** Supplied information follows **

lemma abs_Erdl_minus_Erd_le:
  assumes "1 \<le> r"
  shows "\<bar>Erdl S r d lam x - Erd r d x\<bar> \<le> pi ^ (r - 1) * (24 * lam)"
proof -
  obtain m where r: "r = Suc m"
    using assms by (cases r) auto
  have "Erdl S r d lam = (primitive ^^ m) (primitive Sld_ext)"
    unfolding Erdl_eq_funpow_primitive_Sld_ext r by (simp add: funpow_Suc_right del: funpow.simps)
  moreover have "Erd r d = (primitive ^^ m) (tent d)"
    using lam_pos lam_le d_le_pi Erd_eq_funpow_primitive_tent[of d r] by (simp add: r)
  ultimately show ?thesis
    using abs_funpow_primitive_diff_le[OF mean_zero_periodic_primitive[OF mean_zero_periodic_Sld_ext]
        mean_zero_periodic_tent abs_smoothing_error_le[unfolded smoothing_error_def]]
      lam_pos lam_le d_le_pi by (simp add: r)
qed

end

theorem lemma5p2:
  fixes S :: "real \<Rightarrow> real" and r :: nat
  assumes S_smooth: "Cinf S"
    and S_mono: "mono S"
    and S_odd: "\<And>x. S (- x) = - S x"
    and S_sign: "\<And>x. \<bar>x\<bar> \<ge> 1 \<Longrightarrow> S x = sgn x"
    and r_pos: "r \<ge> 1"
  shows "\<exists>c5>0. \<forall>d lam. 0 < d \<and> d \<le> pi \<and> 0 < lam \<and> lam \<le> d / 3 \<longrightarrow>
           unorm (\<lambda>x. Erdl S r d lam x - Erd r d x) \<le> c5 * lam"
proof (intro exI[of _ "24 * pi ^ (r - 1)"] conjI allI impI)
  fix d lam :: real
  assume "0 < d \<and> d \<le> pi \<and> 0 < lam \<and> lam \<le> d / 3"
  then have "smoothed_step S d lam"
    using S_smooth S_mono S_sign by (intro smoothed_step.intro) auto
  then have "\<bar>Erdl S r d lam x - Erd r d x\<bar> \<le> pi ^ (r - 1) * (24 * lam)" for x
    using r_pos by (rule smoothed_step.abs_Erdl_minus_Erd_le)
  then show "unorm (\<lambda>x. Erdl S r d lam x - Erd r d x) \<le> 24 * pi ^ (r - 1) * lam"
    unfolding unorm_def by (intro cSUP_least) (auto simp: algebra_simps)
qed simp

end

** End of Supplied information **

## Description of the task
Whatever appears in the data above must be copied word for word.

## Solution below
lemma abs_Erdl_minus_Erd_le:
  assumes "1 \<le> r"
  shows "\<bar>Erdl S r d lam x - Erd r d x\<bar> \<le> pi ^ (r - 1) * (24 * lam)"
proof -
  obtain m where r: "r = Suc m"
    using assms by (cases r) auto
  have "Erdl S r d lam = (primitive ^^ m) (primitive Sld_ext)"
    unfolding Erdl_eq_funpow_primitive_Sld_ext r by (simp add: funpow_Suc_right del: funpow.simps)
  moreover have "Erd r d = (primitive ^^ m) (tent d)"
    using lam_pos lam_le d_le_pi Erd_eq_funpow_primitive_tent[of d r] by (simp add: r)
  ultimately show ?thesis
    using abs_funpow_primitive_diff_le[OF mean_zero_periodic_primitive[OF mean_zero_periodic_Sld_ext]
        mean_zero_periodic_tent abs_smoothing_error_le[unfolded smoothing_error_def]]
      lam_pos lam_le d_le_pi by (simp add: r)
qed

end

theorem lemma5p2:
  fixes S :: "real \<Rightarrow> real" and r :: nat
  assumes S_smooth: "Cinf S"
    and S_mono: "mono S"
    and S_odd: "\<And>x. S (- x) = - S x"
    and S_sign: "\<And>x. \<bar>x\<bar> \<ge> 1 \<Longrightarrow> S x = sgn x"
    and r_pos: "r \<ge> 1"
  shows "\<exists>c5>0. \<forall>d lam. 0 < d \<and> d \<le> pi \<and> 0 < lam \<and> lam \<le> d / 3 \<longrightarrow>
           unorm (\<lambda>x. Erdl S r d lam x - Erd r d x) \<le> c5 * lam"
proof (intro exI[of _ "24 * pi ^ (r - 1)"] conjI allI impI)
  fix d lam :: real
  assume "0 < d \<and> d \<le> pi \<and> 0 < lam \<and> lam \<le> d / 3"
  then have "smoothed_step S d lam"
    using S_smooth S_mono S_sign by (intro smoothed_step.intro) auto
  then have "\<bar>Erdl S r d lam x - Erd r d x\<bar> \<le> pi ^ (r - 1) * (24 * lam)" for x
    using r_pos by (rule smoothed_step.abs_Erdl_minus_Erd_le)
  then show "unorm (\<lambda>x. Erdl S r d lam x - Erd r d x) \<le> 24 * pi ^ (r - 1) * lam"
    unfolding unorm_def by (intro cSUP_least) (auto simp: algebra_simps)
qed simp

end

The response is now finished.